### WHAT YOU NEED TO DO
The only thing to report is how many lines of the data contain the word "assumes".

..........

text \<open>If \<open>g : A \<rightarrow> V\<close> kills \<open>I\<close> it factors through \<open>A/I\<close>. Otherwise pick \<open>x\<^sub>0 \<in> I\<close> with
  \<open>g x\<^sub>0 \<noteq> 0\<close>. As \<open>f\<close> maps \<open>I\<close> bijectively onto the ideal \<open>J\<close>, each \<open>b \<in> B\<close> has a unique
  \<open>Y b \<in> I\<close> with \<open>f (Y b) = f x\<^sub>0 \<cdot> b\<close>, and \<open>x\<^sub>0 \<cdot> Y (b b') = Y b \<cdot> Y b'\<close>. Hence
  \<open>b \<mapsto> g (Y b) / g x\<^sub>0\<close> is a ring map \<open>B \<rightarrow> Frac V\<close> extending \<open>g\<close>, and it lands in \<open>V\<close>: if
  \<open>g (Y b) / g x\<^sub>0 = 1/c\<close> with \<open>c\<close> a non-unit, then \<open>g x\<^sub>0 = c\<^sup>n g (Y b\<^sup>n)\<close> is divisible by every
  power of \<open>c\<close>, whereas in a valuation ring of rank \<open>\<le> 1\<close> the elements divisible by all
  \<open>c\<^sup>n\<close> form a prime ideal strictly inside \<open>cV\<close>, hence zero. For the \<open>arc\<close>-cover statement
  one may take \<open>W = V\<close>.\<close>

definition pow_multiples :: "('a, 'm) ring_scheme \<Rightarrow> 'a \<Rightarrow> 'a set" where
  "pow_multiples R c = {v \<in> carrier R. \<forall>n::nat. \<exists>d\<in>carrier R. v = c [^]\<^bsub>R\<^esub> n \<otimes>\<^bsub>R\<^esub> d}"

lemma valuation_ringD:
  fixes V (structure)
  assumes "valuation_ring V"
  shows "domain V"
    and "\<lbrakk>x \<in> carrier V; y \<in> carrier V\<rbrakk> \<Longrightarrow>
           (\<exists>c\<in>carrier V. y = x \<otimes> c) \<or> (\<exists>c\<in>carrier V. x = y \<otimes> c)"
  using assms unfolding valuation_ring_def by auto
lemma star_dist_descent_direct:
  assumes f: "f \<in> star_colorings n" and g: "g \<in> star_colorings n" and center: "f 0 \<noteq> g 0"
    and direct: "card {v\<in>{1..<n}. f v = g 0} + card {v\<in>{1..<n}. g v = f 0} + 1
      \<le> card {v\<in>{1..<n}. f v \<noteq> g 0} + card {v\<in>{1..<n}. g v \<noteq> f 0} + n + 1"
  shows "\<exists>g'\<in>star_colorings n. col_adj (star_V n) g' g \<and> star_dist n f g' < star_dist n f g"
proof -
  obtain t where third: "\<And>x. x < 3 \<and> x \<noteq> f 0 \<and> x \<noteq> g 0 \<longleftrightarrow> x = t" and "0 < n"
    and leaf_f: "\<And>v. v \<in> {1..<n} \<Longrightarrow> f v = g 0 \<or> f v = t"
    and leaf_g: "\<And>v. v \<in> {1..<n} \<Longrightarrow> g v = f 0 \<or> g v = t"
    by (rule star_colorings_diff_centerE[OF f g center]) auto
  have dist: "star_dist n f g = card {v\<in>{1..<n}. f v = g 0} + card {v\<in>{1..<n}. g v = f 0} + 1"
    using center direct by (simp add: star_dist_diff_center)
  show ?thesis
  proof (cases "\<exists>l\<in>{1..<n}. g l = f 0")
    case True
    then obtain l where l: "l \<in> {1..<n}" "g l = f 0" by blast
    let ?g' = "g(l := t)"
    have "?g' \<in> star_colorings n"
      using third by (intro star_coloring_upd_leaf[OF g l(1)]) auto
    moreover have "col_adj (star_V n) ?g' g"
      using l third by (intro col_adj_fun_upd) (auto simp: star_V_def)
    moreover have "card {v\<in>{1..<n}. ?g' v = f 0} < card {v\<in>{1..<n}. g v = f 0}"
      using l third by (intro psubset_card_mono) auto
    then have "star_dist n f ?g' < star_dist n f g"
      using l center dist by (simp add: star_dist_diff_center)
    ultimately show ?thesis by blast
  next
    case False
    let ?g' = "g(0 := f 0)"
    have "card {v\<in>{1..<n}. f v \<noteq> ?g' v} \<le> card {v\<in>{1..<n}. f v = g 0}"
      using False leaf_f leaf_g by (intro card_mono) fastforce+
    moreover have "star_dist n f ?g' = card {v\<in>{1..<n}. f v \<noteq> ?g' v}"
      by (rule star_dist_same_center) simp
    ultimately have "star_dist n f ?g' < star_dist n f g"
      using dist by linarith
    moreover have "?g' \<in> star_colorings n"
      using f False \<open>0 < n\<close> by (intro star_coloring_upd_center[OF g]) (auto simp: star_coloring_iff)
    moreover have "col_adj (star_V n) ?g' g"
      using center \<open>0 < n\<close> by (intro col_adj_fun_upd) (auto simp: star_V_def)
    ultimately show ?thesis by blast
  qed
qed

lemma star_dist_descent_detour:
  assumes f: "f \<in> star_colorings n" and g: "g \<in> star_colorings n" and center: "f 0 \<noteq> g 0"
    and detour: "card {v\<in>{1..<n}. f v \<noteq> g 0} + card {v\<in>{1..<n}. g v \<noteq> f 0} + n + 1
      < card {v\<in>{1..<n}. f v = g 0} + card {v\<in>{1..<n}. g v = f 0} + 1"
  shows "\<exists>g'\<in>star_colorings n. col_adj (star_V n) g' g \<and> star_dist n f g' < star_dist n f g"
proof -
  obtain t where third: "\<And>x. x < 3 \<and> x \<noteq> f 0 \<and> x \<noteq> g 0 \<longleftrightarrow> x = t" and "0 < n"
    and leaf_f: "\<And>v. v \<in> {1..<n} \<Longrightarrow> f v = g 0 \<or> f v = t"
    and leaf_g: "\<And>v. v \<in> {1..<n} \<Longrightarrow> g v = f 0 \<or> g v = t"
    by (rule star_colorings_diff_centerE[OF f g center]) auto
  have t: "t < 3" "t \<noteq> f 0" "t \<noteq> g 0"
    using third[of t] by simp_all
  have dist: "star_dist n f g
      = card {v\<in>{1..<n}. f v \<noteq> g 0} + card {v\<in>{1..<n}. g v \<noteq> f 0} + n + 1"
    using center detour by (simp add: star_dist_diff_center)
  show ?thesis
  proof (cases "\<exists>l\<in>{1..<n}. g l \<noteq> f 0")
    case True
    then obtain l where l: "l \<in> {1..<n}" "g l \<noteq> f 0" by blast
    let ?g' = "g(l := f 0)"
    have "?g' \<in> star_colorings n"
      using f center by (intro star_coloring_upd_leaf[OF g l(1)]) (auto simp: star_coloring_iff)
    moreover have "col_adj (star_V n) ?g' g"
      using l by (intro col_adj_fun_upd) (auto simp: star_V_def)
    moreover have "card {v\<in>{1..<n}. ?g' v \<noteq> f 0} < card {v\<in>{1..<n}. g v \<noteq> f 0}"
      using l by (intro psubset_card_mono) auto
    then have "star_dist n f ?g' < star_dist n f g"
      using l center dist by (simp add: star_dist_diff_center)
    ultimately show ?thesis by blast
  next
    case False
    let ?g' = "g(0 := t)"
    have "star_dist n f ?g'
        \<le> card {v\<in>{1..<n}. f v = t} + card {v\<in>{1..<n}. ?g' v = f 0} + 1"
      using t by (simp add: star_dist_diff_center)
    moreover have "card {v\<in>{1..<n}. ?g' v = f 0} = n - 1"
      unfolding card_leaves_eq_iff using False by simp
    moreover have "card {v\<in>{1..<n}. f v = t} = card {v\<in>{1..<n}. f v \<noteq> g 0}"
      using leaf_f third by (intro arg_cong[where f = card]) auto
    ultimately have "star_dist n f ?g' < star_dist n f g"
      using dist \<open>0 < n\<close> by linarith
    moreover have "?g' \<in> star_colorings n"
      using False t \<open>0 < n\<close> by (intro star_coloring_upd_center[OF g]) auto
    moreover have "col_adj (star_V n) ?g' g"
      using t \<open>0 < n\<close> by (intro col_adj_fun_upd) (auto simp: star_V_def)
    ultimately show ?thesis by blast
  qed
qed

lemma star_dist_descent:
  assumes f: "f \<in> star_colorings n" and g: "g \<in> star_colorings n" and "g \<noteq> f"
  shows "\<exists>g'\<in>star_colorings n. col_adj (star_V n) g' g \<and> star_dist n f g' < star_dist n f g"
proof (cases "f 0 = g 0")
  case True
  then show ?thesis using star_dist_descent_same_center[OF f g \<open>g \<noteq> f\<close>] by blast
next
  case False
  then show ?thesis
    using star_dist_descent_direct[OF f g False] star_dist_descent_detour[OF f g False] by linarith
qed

..........

### ANSWER
4